| Task requirements |
Can you return the records below exactly as they stand, but only from the first line through the one with "using sum.shift_bounds_cl_nat_ivl[of _"?

--- Input data ---

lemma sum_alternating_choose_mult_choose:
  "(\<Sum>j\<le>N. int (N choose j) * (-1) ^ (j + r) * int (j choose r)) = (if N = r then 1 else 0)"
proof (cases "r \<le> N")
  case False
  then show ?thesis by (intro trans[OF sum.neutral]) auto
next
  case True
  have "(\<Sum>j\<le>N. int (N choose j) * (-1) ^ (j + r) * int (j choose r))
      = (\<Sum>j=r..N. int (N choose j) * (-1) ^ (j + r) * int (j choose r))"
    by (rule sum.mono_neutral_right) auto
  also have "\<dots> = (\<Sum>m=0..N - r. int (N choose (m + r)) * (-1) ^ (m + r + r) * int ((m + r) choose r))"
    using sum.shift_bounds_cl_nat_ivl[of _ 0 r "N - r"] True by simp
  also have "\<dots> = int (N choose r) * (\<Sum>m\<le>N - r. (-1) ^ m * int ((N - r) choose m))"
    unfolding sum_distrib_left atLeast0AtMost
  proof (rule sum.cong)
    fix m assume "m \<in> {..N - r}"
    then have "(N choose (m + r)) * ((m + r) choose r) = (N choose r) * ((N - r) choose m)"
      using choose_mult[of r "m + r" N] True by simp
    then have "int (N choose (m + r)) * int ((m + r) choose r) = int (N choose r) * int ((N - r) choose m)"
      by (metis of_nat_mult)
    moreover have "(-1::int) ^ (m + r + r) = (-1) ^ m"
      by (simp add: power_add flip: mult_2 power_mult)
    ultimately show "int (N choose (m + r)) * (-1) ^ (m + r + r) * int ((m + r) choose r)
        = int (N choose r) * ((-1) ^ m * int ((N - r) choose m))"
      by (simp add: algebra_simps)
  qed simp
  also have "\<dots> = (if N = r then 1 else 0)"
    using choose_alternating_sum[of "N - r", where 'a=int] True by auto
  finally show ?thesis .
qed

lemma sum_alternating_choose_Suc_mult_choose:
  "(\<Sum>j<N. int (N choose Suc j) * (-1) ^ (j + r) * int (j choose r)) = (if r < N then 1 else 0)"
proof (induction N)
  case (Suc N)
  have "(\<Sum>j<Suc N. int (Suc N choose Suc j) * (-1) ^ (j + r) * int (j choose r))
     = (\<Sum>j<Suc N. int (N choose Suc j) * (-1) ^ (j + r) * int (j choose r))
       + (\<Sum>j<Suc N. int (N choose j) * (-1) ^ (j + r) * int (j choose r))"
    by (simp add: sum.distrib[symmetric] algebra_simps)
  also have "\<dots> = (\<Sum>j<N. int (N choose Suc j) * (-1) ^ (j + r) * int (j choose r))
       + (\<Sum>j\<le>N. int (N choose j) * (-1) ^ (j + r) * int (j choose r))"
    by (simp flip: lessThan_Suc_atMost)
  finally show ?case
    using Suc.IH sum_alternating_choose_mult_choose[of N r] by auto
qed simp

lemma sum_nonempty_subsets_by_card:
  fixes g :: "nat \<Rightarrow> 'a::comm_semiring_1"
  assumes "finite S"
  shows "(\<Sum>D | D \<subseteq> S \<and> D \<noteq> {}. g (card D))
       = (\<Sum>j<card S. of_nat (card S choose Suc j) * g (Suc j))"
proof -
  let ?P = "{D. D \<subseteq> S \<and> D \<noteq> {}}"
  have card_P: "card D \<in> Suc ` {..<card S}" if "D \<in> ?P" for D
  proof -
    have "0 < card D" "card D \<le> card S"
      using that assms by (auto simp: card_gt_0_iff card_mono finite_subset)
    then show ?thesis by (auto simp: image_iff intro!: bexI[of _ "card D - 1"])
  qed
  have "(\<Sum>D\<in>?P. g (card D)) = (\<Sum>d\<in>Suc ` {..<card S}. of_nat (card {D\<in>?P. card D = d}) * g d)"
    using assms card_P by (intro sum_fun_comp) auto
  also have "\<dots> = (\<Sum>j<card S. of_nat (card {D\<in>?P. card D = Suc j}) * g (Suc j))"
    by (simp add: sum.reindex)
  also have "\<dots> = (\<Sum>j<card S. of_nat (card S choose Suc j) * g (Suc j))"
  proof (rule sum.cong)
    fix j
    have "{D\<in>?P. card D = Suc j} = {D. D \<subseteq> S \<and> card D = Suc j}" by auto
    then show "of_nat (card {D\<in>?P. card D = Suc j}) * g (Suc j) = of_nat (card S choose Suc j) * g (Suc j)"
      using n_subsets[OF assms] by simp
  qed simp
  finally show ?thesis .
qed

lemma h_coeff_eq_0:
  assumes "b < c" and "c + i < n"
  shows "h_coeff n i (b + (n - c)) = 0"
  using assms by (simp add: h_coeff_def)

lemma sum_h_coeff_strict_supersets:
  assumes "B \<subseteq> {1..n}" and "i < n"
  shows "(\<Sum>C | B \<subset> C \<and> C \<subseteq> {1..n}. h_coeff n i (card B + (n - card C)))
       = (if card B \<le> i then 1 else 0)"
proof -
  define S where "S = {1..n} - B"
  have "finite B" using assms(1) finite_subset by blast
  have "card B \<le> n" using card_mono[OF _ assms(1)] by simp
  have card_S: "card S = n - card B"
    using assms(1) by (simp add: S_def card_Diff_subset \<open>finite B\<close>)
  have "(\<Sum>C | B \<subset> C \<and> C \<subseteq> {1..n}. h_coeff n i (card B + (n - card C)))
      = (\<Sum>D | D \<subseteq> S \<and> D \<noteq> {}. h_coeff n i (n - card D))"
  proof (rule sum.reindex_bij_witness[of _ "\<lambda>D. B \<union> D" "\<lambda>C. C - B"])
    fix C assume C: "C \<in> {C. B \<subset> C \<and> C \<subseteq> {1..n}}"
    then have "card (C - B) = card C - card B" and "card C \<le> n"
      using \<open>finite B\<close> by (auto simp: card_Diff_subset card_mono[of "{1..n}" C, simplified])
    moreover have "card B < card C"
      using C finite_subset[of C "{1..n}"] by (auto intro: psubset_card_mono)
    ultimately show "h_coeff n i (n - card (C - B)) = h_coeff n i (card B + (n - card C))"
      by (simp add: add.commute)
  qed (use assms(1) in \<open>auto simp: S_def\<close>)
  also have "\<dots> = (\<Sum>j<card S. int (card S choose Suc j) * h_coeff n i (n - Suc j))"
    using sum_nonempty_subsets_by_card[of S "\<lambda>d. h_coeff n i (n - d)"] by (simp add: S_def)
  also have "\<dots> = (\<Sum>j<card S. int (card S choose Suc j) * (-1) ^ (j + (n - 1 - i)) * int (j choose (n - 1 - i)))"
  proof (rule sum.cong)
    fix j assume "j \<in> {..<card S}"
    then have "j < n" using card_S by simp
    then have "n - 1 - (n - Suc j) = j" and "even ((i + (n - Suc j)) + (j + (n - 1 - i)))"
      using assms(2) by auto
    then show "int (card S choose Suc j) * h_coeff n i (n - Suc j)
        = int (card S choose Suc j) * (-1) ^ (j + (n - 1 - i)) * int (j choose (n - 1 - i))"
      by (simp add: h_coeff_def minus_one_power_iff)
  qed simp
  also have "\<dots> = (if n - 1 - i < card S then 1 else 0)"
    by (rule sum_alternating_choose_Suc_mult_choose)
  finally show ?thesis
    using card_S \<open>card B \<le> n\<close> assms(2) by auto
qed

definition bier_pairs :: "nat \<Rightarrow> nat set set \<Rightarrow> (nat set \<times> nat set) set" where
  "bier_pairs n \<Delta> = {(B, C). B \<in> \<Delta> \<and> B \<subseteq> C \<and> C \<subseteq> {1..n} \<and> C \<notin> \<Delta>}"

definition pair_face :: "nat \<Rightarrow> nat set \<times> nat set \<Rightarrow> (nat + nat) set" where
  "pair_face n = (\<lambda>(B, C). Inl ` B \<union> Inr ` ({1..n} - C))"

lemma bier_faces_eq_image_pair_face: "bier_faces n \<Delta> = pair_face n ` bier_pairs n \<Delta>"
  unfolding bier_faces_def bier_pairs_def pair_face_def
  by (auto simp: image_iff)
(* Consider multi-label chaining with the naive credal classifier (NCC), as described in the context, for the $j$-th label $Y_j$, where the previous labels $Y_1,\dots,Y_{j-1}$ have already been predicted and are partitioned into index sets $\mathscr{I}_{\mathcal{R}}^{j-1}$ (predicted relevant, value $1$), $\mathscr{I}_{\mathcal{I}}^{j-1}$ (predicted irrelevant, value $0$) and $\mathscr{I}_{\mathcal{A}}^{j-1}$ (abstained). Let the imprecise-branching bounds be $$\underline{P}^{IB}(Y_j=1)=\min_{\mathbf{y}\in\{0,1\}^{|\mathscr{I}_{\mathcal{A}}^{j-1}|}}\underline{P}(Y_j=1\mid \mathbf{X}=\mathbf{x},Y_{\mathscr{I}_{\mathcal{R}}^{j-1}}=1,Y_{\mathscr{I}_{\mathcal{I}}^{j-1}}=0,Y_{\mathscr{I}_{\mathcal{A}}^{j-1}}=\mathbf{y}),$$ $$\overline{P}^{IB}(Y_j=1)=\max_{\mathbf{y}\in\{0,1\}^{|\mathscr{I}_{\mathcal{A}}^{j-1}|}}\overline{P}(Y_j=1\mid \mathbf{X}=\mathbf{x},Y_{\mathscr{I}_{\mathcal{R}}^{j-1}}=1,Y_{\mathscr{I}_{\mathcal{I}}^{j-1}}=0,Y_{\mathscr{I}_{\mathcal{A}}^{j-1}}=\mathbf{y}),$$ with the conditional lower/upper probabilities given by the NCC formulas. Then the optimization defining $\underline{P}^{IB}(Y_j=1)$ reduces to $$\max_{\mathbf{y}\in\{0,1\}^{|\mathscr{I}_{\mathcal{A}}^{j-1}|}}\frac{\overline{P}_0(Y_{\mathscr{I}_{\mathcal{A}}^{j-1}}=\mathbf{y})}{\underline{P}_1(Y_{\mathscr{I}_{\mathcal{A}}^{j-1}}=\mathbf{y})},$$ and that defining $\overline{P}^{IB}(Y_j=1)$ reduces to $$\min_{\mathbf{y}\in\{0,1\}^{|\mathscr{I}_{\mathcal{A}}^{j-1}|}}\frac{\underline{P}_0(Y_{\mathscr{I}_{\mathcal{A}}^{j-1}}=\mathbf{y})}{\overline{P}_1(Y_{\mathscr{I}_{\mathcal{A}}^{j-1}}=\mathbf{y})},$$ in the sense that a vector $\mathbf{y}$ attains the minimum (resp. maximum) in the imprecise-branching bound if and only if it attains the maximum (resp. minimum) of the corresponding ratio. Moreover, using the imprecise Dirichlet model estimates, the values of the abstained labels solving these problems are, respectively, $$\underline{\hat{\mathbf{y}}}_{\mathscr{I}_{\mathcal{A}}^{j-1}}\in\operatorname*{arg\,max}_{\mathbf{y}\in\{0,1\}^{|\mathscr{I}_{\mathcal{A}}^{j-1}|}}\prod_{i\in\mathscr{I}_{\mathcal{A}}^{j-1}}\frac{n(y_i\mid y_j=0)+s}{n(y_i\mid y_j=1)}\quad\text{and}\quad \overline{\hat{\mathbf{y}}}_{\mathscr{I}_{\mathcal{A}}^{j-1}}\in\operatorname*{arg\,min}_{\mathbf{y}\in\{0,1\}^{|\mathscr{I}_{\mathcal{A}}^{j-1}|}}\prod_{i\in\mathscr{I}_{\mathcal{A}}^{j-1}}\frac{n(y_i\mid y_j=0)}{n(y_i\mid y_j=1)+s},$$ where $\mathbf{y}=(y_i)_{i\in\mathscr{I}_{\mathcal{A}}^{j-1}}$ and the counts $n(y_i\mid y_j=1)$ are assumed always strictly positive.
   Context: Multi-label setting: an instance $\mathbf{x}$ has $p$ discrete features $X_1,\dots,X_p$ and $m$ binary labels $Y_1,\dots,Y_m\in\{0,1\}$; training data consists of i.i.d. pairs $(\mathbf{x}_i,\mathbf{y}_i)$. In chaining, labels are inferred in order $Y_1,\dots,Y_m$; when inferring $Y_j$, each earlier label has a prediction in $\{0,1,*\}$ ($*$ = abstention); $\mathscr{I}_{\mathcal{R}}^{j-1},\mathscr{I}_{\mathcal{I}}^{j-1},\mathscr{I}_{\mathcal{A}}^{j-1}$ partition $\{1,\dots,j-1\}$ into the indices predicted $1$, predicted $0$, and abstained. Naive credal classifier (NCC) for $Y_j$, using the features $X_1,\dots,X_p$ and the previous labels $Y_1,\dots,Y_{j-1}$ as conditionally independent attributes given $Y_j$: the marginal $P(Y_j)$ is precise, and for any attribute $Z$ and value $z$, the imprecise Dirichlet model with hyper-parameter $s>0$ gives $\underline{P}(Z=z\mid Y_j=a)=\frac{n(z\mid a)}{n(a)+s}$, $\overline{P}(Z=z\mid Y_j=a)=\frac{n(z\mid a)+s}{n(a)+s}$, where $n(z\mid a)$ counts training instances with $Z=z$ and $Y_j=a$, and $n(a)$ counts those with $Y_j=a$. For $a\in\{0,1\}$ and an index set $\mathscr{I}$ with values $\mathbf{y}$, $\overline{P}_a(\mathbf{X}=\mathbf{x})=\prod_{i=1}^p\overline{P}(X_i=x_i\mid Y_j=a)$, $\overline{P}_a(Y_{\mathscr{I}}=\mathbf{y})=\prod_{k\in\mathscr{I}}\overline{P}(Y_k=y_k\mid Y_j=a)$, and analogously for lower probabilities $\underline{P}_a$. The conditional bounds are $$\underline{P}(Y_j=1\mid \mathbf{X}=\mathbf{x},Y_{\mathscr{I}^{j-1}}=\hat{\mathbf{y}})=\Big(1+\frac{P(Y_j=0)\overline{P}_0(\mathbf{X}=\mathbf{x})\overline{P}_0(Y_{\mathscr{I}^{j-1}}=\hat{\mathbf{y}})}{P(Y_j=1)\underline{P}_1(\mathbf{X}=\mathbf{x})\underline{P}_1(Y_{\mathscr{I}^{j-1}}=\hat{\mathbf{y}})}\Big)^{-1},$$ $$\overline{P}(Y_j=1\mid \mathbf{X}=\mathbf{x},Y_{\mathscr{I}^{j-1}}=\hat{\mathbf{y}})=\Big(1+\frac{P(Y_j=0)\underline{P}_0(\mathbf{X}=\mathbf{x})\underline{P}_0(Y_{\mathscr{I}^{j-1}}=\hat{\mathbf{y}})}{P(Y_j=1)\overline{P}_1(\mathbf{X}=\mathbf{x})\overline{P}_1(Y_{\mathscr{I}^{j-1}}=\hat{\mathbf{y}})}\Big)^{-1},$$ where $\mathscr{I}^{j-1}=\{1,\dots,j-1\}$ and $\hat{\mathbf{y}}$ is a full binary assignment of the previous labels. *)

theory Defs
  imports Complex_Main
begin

---

| Solution to this exercise |
lemma sum_alternating_choose_mult_choose:
  "(\<Sum>j\<le>N. int (N choose j) * (-1) ^ (j + r) * int (j choose r)) = (if N = r then 1 else 0)"
proof (cases "r \<le> N")
  case False
  then show ?thesis by (intro trans[OF sum.neutral]) auto
next
  case True
  have "(\<Sum>j\<le>N. int (N choose j) * (-1) ^ (j + r) * int (j choose r))
      = (\<Sum>j=r..N. int (N choose j) * (-1) ^ (j + r) * int (j choose r))"
    by (rule sum.mono_neutral_right) auto
  also have "\<dots> = (\<Sum>m=0..N - r. int (N choose (m + r)) * (-1) ^ (m + r + r) * int ((m + r) choose r))"
    using sum.shift_bounds_cl_nat_ivl[of _ 0 r "N - r"] True by simp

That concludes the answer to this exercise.